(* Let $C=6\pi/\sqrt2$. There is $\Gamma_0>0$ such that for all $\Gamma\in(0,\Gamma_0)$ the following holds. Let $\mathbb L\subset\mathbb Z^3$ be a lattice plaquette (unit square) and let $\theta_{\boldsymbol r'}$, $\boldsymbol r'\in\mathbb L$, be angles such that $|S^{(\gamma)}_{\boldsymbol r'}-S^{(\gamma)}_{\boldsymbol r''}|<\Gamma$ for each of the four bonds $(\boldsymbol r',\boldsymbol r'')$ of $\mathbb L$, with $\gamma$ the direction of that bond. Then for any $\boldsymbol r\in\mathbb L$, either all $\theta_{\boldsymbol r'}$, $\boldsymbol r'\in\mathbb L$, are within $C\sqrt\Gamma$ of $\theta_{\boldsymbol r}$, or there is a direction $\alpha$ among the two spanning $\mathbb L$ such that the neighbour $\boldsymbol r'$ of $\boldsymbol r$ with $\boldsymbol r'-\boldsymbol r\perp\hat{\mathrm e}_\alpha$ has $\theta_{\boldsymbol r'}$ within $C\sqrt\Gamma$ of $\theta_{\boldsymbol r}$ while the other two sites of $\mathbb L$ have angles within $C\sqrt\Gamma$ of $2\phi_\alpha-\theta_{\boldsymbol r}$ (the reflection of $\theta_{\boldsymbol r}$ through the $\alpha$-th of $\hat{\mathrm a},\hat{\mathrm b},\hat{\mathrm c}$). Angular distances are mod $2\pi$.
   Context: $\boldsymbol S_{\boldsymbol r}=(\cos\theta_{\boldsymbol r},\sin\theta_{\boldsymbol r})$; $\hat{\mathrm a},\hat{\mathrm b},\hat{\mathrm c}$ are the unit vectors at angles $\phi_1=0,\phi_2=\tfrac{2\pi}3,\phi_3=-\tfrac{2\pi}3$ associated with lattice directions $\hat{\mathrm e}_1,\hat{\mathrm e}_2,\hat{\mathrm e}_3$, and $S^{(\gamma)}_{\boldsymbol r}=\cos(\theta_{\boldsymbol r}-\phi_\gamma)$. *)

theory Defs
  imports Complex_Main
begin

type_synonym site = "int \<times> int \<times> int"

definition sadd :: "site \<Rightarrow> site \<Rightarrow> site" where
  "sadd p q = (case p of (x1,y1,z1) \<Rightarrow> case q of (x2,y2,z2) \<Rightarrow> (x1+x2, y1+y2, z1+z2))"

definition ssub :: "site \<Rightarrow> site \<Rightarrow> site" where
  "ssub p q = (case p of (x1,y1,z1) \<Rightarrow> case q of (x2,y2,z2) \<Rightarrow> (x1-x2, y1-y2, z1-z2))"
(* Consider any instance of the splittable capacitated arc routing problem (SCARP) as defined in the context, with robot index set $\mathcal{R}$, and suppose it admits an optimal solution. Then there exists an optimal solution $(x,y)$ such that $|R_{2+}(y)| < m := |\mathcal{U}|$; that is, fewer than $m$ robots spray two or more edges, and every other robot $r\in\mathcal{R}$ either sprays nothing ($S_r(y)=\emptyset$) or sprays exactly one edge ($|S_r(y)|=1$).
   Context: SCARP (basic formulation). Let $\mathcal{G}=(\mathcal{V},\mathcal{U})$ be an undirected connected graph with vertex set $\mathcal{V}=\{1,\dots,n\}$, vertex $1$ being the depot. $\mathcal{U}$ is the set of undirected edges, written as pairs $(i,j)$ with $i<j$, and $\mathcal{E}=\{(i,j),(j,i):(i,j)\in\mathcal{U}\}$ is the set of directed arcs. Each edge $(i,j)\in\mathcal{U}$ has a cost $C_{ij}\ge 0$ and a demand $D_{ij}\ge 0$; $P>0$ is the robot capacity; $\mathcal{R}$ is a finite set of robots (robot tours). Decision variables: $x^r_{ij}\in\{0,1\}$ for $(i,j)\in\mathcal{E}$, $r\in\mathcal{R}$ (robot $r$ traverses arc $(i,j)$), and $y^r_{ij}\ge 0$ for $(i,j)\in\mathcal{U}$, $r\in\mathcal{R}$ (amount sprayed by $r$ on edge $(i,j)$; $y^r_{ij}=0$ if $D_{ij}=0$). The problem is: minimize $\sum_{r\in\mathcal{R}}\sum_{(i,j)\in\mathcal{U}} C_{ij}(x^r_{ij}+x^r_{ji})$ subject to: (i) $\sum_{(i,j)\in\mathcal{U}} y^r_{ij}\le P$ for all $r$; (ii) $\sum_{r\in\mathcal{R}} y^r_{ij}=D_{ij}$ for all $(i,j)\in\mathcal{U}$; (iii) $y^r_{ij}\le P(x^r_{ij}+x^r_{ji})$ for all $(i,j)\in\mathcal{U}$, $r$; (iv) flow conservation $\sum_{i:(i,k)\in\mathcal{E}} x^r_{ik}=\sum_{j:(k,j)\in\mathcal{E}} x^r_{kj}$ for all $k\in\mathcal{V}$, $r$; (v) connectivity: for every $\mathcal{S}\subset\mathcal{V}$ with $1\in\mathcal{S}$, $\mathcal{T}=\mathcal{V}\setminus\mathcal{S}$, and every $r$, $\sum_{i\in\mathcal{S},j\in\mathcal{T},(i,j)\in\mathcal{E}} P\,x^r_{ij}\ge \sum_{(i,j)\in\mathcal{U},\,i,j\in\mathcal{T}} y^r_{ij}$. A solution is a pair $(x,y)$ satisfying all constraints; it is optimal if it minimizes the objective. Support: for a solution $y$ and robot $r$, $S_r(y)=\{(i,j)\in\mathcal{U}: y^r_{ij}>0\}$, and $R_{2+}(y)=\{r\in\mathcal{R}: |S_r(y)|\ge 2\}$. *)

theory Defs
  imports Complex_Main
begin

════════════════

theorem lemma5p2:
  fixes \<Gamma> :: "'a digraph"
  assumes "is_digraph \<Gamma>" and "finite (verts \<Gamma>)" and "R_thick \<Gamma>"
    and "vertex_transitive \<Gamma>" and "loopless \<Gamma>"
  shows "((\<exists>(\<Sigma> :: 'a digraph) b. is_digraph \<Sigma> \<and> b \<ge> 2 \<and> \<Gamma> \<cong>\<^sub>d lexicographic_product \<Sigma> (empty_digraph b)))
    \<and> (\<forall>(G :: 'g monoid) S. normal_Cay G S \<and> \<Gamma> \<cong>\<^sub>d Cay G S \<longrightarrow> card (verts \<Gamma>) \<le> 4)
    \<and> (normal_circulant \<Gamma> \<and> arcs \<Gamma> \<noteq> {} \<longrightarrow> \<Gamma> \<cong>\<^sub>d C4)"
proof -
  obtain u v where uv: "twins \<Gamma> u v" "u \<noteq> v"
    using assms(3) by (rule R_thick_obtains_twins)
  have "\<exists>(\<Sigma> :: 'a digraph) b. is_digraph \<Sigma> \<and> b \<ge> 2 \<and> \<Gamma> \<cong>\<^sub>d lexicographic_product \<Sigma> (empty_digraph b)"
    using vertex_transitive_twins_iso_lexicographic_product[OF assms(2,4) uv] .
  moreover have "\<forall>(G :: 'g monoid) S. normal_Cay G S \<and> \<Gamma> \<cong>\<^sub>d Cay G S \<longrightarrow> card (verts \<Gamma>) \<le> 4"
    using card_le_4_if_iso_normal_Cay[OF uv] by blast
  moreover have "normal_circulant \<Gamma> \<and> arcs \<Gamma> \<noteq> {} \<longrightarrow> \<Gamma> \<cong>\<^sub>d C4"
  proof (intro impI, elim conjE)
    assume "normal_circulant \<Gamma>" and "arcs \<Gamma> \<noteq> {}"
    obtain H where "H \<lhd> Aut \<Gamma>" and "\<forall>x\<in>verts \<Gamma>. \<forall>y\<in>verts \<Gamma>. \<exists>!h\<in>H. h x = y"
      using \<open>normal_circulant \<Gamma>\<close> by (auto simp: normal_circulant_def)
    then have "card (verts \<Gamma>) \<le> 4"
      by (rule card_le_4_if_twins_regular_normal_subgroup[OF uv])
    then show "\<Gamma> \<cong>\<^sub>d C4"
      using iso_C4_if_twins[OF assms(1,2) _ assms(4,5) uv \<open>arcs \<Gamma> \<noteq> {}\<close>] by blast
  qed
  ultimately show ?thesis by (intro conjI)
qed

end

════════════════

▸ **Work to complete**
Count the lines of these entries that hold the string "assms", and give only that number.

▸ **Response**
3